:: Collected data ::
--- START ---
(* Let $w,c\ge 0$ and let $(W_1,\ldots,W_n)$ be a $w$-colourable grading of a graph $G$ with $\chi(G)>w+2c$. Then there exist subsets $X,Y$ of $V(G)$ such that: $G[X]$ and $G[Y]$ are both connected; every vertex in $Y$ is earlier than every vertex in $X$; some vertex in $X$ has a neighbour in $Y$; and $\chi(X)>c$ and $\chi(Y)>c$.
   Context: Graphs are finite and simple. For $X\subseteq V(G)$, $G[X]$ is the induced subgraph and $\chi(X)$ means $\chi(G[X])$. A grading of $G$ is a sequence $(W_1,\ldots,W_n)$ of pairwise disjoint subsets of $V(G)$ with union $V(G)$; it is $w$-colourable if $\chi(G[W_i])\le w$ for $1\le i\le n$. A vertex $u$ is earlier than a vertex $v$ (with respect to the grading) if $u\in W_i$ and $v\in W_j$ with $i<j$. *)

theory Defs
  imports Main
begin

definition simple_graph :: "'a set \<Rightarrow> ('a \<Rightarrow> 'a \<Rightarrow> bool) \<Rightarrow> bool" where
  "simple_graph V E \<longleftrightarrow> finite V \<and> (\<forall>u v. E u v \<longrightarrow> u \<in> V \<and> v \<in> V)
     \<and> (\<forall>u v. E u v \<longrightarrow> E v u) \<and> (\<forall>v. \<not> E v v)"

definition proper_colouring :: "('a \<Rightarrow> 'a \<Rightarrow> bool) \<Rightarrow> 'a set \<Rightarrow> nat \<Rightarrow> ('a \<Rightarrow> nat) \<Rightarrow> bool" where
  "proper_colouring E X k f \<longleftrightarrow> (\<forall>v\<in>X. f v < k) \<and> (\<forall>u\<in>X. \<forall>v\<in>X. E u v \<longrightarrow> f u \<noteq> f v)"

definition chi :: "('a \<Rightarrow> 'a \<Rightarrow> bool) \<Rightarrow> 'a set \<Rightarrow> nat" where
  "chi E X = (LEAST k. \<exists>f. proper_colouring E X k f)"

definition walk_in :: "('a \<Rightarrow> 'a \<Rightarrow> bool) \<Rightarrow> 'a set \<Rightarrow> 'a list \<Rightarrow> bool" where
  "walk_in E X p \<longleftrightarrow> p \<noteq> [] \<and> set p \<subseteq> X \<and> (\<forall>i. Suc i < length p \<longrightarrow> E (p ! i) (p ! Suc i))"

definition connected_induced :: "('a \<Rightarrow> 'a \<Rightarrow> bool) \<Rightarrow> 'a set \<Rightarrow> bool" where
  "connected_induced E X \<longleftrightarrow> X \<noteq> {} \<and>
     (\<forall>u\<in>X. \<forall>v\<in>X. \<exists>p. walk_in E X p \<and> hd p = u \<and> last p = v)"

definition grading :: "'a set \<Rightarrow> nat \<Rightarrow> (nat \<Rightarrow> 'a set) \<Rightarrow> bool" where
  "grading V n W \<longleftrightarrow> (\<forall>i\<in>{1..n}. \<forall>j\<in>{1..n}. i \<noteq> j \<longrightarrow> W i \<inter> W j = {})
     \<and> (\<Union>i\<in>{1..n}. W i) = V"

definition w_colourable_grading :: "('a \<Rightarrow> 'a \<Rightarrow> bool) \<Rightarrow> 'a set \<Rightarrow> nat \<Rightarrow> (nat \<Rightarrow> 'a set) \<Rightarrow> nat \<Rightarrow> bool" where
  "w_colourable_grading E V n W w \<longleftrightarrow> grading V n W \<and> (\<forall>i\<in>{1..n}. chi E (W i) \<le> w)"

definition earlier :: "nat \<Rightarrow> (nat \<Rightarrow> 'a set) \<Rightarrow> 'a \<Rightarrow> 'a \<Rightarrow> bool" where
  "earlier n W u v \<longleftrightarrow> (\<exists>i\<in>{1..n}. \<exists>j\<in>{1..n}. u \<in> W i \<and> v \<in> W j \<and> i < j)"

end

theory Submission
  imports Defs
begin
text \<open>The quadratic terms of the AM-GM bounds add up to at most
  \<open>|v|\<^sup>2 - x \<langle>v, A v\<rangle> = |v|\<^sup>2\<close>.\<close>
lemma norm_le_W_fun:
  fixes A :: "real^'n::finite^'n"
  assumes sym: "transpose A = A"
    and nonneg: "\<forall>\<mu>\<in>mat_spectrum A. 0 \<le> 1 - \<mu> * x"
    and v: "1 \<bullet> v = v \<bullet> v" "v \<bullet> (A *v v) = 0"
  shows "ereal (v \<bullet> v) \<le> W_fun A x"
proof (cases "\<forall>\<mu>\<in>weighted_spectrum A. 1 - \<mu> * x \<noteq> 0")
  case False
  then show ?thesis by (auto simp: W_fun_def weighted_spectrum_def)
next
  case True
  let ?L = "mat_spectrum A" and ?P = "weighted_spectrum A"
  define c where "c \<mu> = 1 - \<mu> * x" for \<mu>
  define p where "p \<mu> = spec_proj A \<mu> v" for \<mu>
  define e where "e \<mu> = spec_proj A \<mu> 1" for \<mu>
  have fin: "finite ?L" by (rule finite_mat_spectrum[OF sym])
  have PL: "?P \<subseteq> ?L" by (auto simp: weighted_spectrum_def)
  have cpos: "0 < c \<mu>" if "\<mu> \<in> ?P" for \<mu>
    using True nonneg PL that by (force simp: c_def)
  have "v \<bullet> v = (\<Sum>\<mu>\<in>?L. e \<mu> \<bullet> p \<mu>)"
    using spectral_identities(3)[OF sym, of 1 v] v(1) by (simp add: e_def p_def)
  also have "\<dots> = (\<Sum>\<mu>\<in>?P. e \<mu> \<bullet> p \<mu>)"
    using fin PL
    by (intro sum.mono_neutral_right) (auto simp: weighted_spectrum_def e_def spec_weight_eq_0_iff)
  finally have "2 * (v \<bullet> v) = (\<Sum>\<mu>\<in>?P. 2 * (e \<mu> \<bullet> p \<mu>))"
    by (simp add: sum_distrib_left)
  also have "\<dots> \<le> (\<Sum>\<mu>\<in>?P. (e \<mu> \<bullet> e \<mu>) / c \<mu> + c \<mu> * (p \<mu> \<bullet> p \<mu>))"
    by (intro sum_mono inner_le_weighted_norms cpos)
  also have "\<dots> = W_sum A x + (\<Sum>\<mu>\<in>?P. c \<mu> * (p \<mu> \<bullet> p \<mu>))"
    by (simp add: W_sum_def sum.distrib spec_weight_eq_inner e_def c_def)
  also have "(\<Sum>\<mu>\<in>?P. c \<mu> * (p \<mu> \<bullet> p \<mu>)) \<le> (\<Sum>\<mu>\<in>?L. c \<mu> * (p \<mu> \<bullet> p \<mu>))"
    using fin PL nonneg by (intro sum_mono2) (auto simp: c_def)
  also have "\<dots> = v \<bullet> v - x * (v \<bullet> (A *v v))"
    unfolding spectral_identities(1,2)[OF sym, of v]
    by (simp add: c_def p_def sum_distrib_left sum_subtractf[symmetric] algebra_simps)
  finally have "v \<bullet> v \<le> W_sum A x" using v(2) by simp
  then show ?thesis using W_fun_eq_W_sum[OF True] by simp
qed
lemma qpoch_LIMSEQ:
  fixes a q :: complex
  assumes "norm q < 1"
  shows "(\<lambda>n. qpoch a q n) \<longlonglongrightarrow> qpoch_inf a q"
proof -
  have "(\<lambda>n. qpoch a q (Suc n)) \<longlonglongrightarrow> qpoch_inf a q"
    using convergent_prod_LIMSEQ[OF convergent_prod_qpoch[OF assms]]
    by (simp add: qpoch_def qpoch_inf_def lessThan_Suc_atMost)
  then show ?thesis
    by (rule filterlim_sequentially_Suc[THEN iffD1])
qed

lemma qpoch_inf_shift:
  fixes a q :: complex
  assumes "norm q < 1"
  shows "qpoch_inf a q = (1 - a) * qpoch_inf (a * q) q"
proof -
  have "(\<lambda>n. qpoch a q (Suc n)) \<longlonglongrightarrow> (1 - a) * qpoch_inf (a * q) q"
    unfolding qpoch_Suc_shift by (intro tendsto_mult tendsto_const qpoch_LIMSEQ assms)
  moreover have "(\<lambda>n. qpoch a q (Suc n)) \<longlonglongrightarrow> qpoch_inf a q"
    using qpoch_LIMSEQ[OF assms] by (rule LIMSEQ_Suc)
  ultimately show ?thesis
    using LIMSEQ_unique by blast
qed

lemma qpoch_inf_nonzero:
  fixes a q :: complex
  assumes "norm q < 1" "norm a < 1"
  shows "qpoch_inf a q \<noteq> 0"
  unfolding qpoch_inf_def
proof (rule prodinf_nonzero[OF convergent_prod_qpoch[OF assms(1)]])
  fix k
  have "norm (q ^ k * a) < 1"
    using assms by (intro norm_power_mult_less_one) auto
  then show "1 - a * q ^ k \<noteq> 0"
    by (metis mult.commute norm_one order.irrefl right_minus_eq)
qed

lemma qpoch_inf_zero_base [simp]: "qpoch_inf 0 q = 1"
  by (simp add: qpoch_inf_def)

definition qexp :: "complex \<Rightarrow> complex \<Rightarrow> complex" where
  "qexp q t = (\<Sum>k. t ^ k / qpoch q q k)"

lemma summable_qexp:
  fixes q t :: complex
  assumes q: "norm q < 1" and t: "norm t < 1"
  shows "summable (\<lambda>k. t ^ k / qpoch q q k)"
proof -
  have "(\<lambda>k. 1 / qpoch q q k) \<longlonglongrightarrow> 1 / qpoch_inf q q"
    using q by (intro tendsto_divide tendsto_const qpoch_LIMSEQ qpoch_inf_nonzero)
  then obtain B where B: "\<And>k. norm (1 / qpoch q q k) \<le> B"
    using BseqE convergent_imp_Bseq convergentI by metis
  show ?thesis
  proof (rule summable_comparison_test')
    show "summable (\<lambda>k. B * norm t ^ k)"
      using t by (intro summable_mult summable_geometric) auto
    show "norm (t ^ k / qpoch q q k) \<le> B * norm t ^ k" for k
      using mult_right_mono[OF B[of k], of "norm t ^ k"]
      by (simp add: norm_divide norm_power field_simps)
  qed
qed

lemma isCont_qexp_0:
  fixes q :: complex
  assumes "norm q < 1"
  shows "isCont (qexp q) 0"
proof -
  have "summable (\<lambda>k. 1 / qpoch q q k * (1 / 2 :: complex) ^ k)"
    using summable_qexp[OF assms, of "1 / 2"] by simp
  then have "isCont (\<lambda>t. \<Sum>k. 1 / qpoch q q k * t ^ k) 0"
    by (rule isCont_powser) simp
  moreover have "qexp q = (\<lambda>t. \<Sum>k. 1 / qpoch q q k * t ^ k)"
    by (simp add: qexp_def fun_eq_iff)
  ultimately show ?thesis
    by simp
qed

lemma qexp_0 [simp]: "qexp q 0 = 1"
  using powser_zero[of "\<lambda>k. 1 / qpoch q q k"] by (simp add: qexp_def)
lemma decidable_codes_length:
  "computable n L \<Longrightarrow> computable n y \<Longrightarrow> decidable n (\<lambda>xs. codes_length (L xs) (y xs))"
  unfolding codes_length_def
  by (intro decidable_conj decidable_le computable_power2 computable_add computable_const)

definition code_tl :: "nat \<Rightarrow> nat" where
  "code_tl y = (y - 1) div 2"

lemma funpow_code_tl_word_code: "(code_tl ^^ j) (word_code w) = word_code (drop j w)"
proof (induction j)
  case (Suc j)
  then show ?case by (cases "drop j w") (auto simp: code_tl_def drop_Suc tl_drop[symmetric])
qed simp

lemma computable_funpow_code_tl:
  "computable n f \<Longrightarrow> computable n g \<Longrightarrow> computable n (\<lambda>xs. (code_tl ^^ f xs) (g xs))"
proof (rule computable_compose2[where F = "\<lambda>a b. (code_tl ^^ a) b"])
  show "computable 2 (\<lambda>xs. (code_tl ^^ (xs ! 0)) (xs ! 1))"
  proof (rule computable_prim_rec_binary[where h = "\<lambda>a b. (code_tl ^^ a) b"
        and g = "\<lambda>r a b. (r - 1) div 2"])
    show "computable 1 (\<lambda>xs. (code_tl ^^ 0) (xs ! 0))" using computable_proj[of 0 1] by simp
    show "computable 3 (\<lambda>ys. (ys ! 0 - 1) div 2)"
      by (intro computable_div2 computable_pred computable_proj) simp
  qed (simp add: code_tl_def)
qed

definition code_bit :: "nat \<Rightarrow> nat \<Rightarrow> bool" where
  "code_bit y j \<longleftrightarrow> even ((code_tl ^^ j) y) \<and> 0 < (code_tl ^^ j) y"

lemma code_bit_word_code: "code_bit (word_code w) j \<longleftrightarrow> j < length w \<and> w ! j"
proof (cases "j < length w")
  case True
  then have "drop j w = w ! j # drop (Suc j) w" by (simp add: Cons_nth_drop_Suc)
  then show ?thesis unfolding code_bit_def funpow_code_tl_word_code using True by auto
qed (simp add: code_bit_def funpow_code_tl_word_code)

lemma decidable_code_bit:
  "computable n f \<Longrightarrow> computable n g \<Longrightarrow> decidable n (\<lambda>xs. code_bit (f xs) (g xs))"
proof -
  assume "computable n f" and "computable n g"
  then have "decidable n (\<lambda>xs. (code_tl ^^ g xs) (f xs) mod 2 = 0 \<and> 0 < (code_tl ^^ g xs) (f xs))"
    by (intro decidable_conj decidable_eq decidable_less computable_mod2 computable_funpow_code_tl
        computable_const)
  then show ?thesis by (rule decidable_cong) (auto simp: code_bit_def)
qed

lemma word_code_unary_header:
  "word_code (replicate t True @ False # w) + 2 = 2 ^ (t + 1) + 2 ^ t + 2 ^ (t + 1) * word_code w"
proof -
  have "word_code (replicate t True) + 2 = 2 ^ (t + 1)" by (induction t) auto
  then show ?thesis by (simp add: word_code_append algebra_simps)
qed

lemma unary_header_eq_iff:
  "replicate t True @ False # v = replicate t' True @ False # w \<longleftrightarrow> t = t' \<and> v = w"
proof (induction t arbitrary: t')
  case 0
  then show ?case by (cases t') auto
next
  case (Suc t)
  then show ?case by (cases t') auto
qed

text \<open>The number of leading ones of the word coded by \<open>x\<close>; the code \<open>x\<close> bounds it.\<close>
definition unary_prefix :: "nat \<Rightarrow> nat" where
  "unary_prefix x = (\<Sum>j<x. of_bool (\<forall>j'<Suc j. code_bit x j'))"

definition after_unary_prefix :: "nat \<Rightarrow> nat" where
  "after_unary_prefix x = (code_tl ^^ Suc (unary_prefix x)) x"

lemma unary_prefix_word_code: "unary_prefix (word_code (replicate t True @ False # w)) = t"
proof -
  let ?x = "word_code (replicate t True @ False # w)"
  have ones: "code_bit ?x j" if "j < t" for j
    using that unfolding code_bit_word_code by (simp add: nth_append)
  have zero: "\<not> code_bit ?x t"
    unfolding code_bit_word_code by (simp add: nth_append)
  have leading: "(\<forall>j'<Suc j. code_bit ?x j') \<longleftrightarrow> j < t" for j
  proof
    assume "\<forall>j'<Suc j. code_bit ?x j'"
    then show "j < t" using zero by (meson not_less not_less_eq)
  qed (simp add: ones)
  have "t < 2 ^ t" by (rule less_exp)
  moreover have "(2::nat) ^ (t + 1) = 2 * 2 ^ t" by simp
  ultimately have "t \<le> ?x" using word_code_unary_header[of t w] by linarith
  then have "{j. j < ?x \<and> j < t} = {..<t}" by auto
  then show ?thesis unfolding unary_prefix_def leading by (simp add: sum.If_cases Int_def)
qed

lemma after_unary_prefix_word_code:
  "after_unary_prefix (word_code (replicate t True @ False # w)) = word_code w"
  unfolding after_unary_prefix_def unary_prefix_word_code funpow_code_tl_word_code by simp

lemma computable_unary_prefix: "computable n f \<Longrightarrow> computable n (\<lambda>xs. unary_prefix (f xs))"
proof -
  assume f: "computable n f"
  have "decidable 2 (\<lambda>xs. code_bit (xs ! 1) (xs ! 0))"
    by (intro decidable_code_bit computable_proj) simp_all
  then have "decidable 2 (\<lambda>xs. \<forall>i<Suc (xs ! 0). code_bit (xs ! 1) i)"
    by (intro decidable_ball[where P = "\<lambda>a b. code_bit b a"] computable_Suc computable_proj) simp_all
  then have "computable 2 (\<lambda>xs. of_bool (\<forall>i<Suc (xs ! 0). code_bit (xs ! 1) i))"
    unfolding decidable_def .
  then have "computable n (\<lambda>xs. \<Sum>i<f xs. of_bool (\<forall>j'<Suc i. code_bit (f xs) j'))"
    by (intro computable_sum_lessThan[where F = "\<lambda>a b. of_bool (\<forall>i<Suc a. code_bit b i)"] f)
  then show ?thesis unfolding unary_prefix_def .
qed

lemma computable_after_unary_prefix:
  "computable n f \<Longrightarrow> computable n (\<lambda>xs. after_unary_prefix (f xs))"
  unfolding after_unary_prefix_def
  by (intro computable_funpow_code_tl computable_Suc computable_unary_prefix)

lemma prefix_free_machineI:
  assumes "\<And>p. halts c p \<Longrightarrow> \<exists>t w. p = replicate t True @ False # w \<and> length w = L t"
  shows "prefix_free_machine c"
  unfolding prefix_free_machine_def
proof (intro allI impI)
  fix p r
  assume "halts c p" and "halts c (p @ r)"
  then obtain t w t' w' where "p = replicate t True @ False # w" "length w = L t"
    and "p @ r = replicate t' True @ False # w'" "length w' = L t'"
    using assms by blast
  then show "r = []" using unary_header_eq_iff[of t "w @ r" t' w'] by auto
qed

lemma KC_complex_incompressible:
  assumes "universal_prefix_machine u" and "KC_complex u \<alpha>" and "prefix_free_machine c"
  shows "\<exists>k. \<forall>n p. runs c p (initial_segment \<alpha> n) \<longrightarrow> n \<le> length p + k"
proof -
  obtain k where k: "\<And>p s. runs c p s \<Longrightarrow> \<exists>q. runs u q s \<and> length q \<le> length p + k"
    using assms(1,3) unfolding universal_prefix_machine_def by blast
  obtain m where m: "\<And>n. enat n \<le> KH u (initial_segment \<alpha> n) + enat m"
    using assms(2) unfolding KC_complex_def by blast
  have "n \<le> length p + (k + m)" if run: "runs c p (initial_segment \<alpha> n)" for n p
  proof -
    obtain q where q: "runs u q (initial_segment \<alpha> n)" "length q \<le> length p + k"
      using k[OF run] by blast
    have "enat n \<le> KH u (initial_segment \<alpha> n) + enat m" by (rule m)
    also have "\<dots> \<le> enat (length q) + enat m"
      unfolding KH_def by (intro add_right_mono INF_lower) (simp add: q(1))
    finally show ?thesis using q(2) by simp
  qed
  then show ?thesis by blast
qed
--- END ---
:: WHAT THE EXERCISE ASKS ::
From the line holding "g \<Longrightarrow> computable" to the line holding "(r - 1) div", inclusive, restate each line above exactly as written.

:: SOLUTION TO THIS EXERCISE ::
  "computable n f \<Longrightarrow> computable n g \<Longrightarrow> computable n (\<lambda>xs. (code_tl ^^ f xs) (g xs))"
proof (rule computable_compose2[where F = "\<lambda>a b. (code_tl ^^ a) b"])
  show "computable 2 (\<lambda>xs. (code_tl ^^ (xs ! 0)) (xs ! 1))"
  proof (rule computable_prim_rec_binary[where h = "\<lambda>a b. (code_tl ^^ a) b"
        and g = "\<lambda>r a b. (r - 1) div 2"])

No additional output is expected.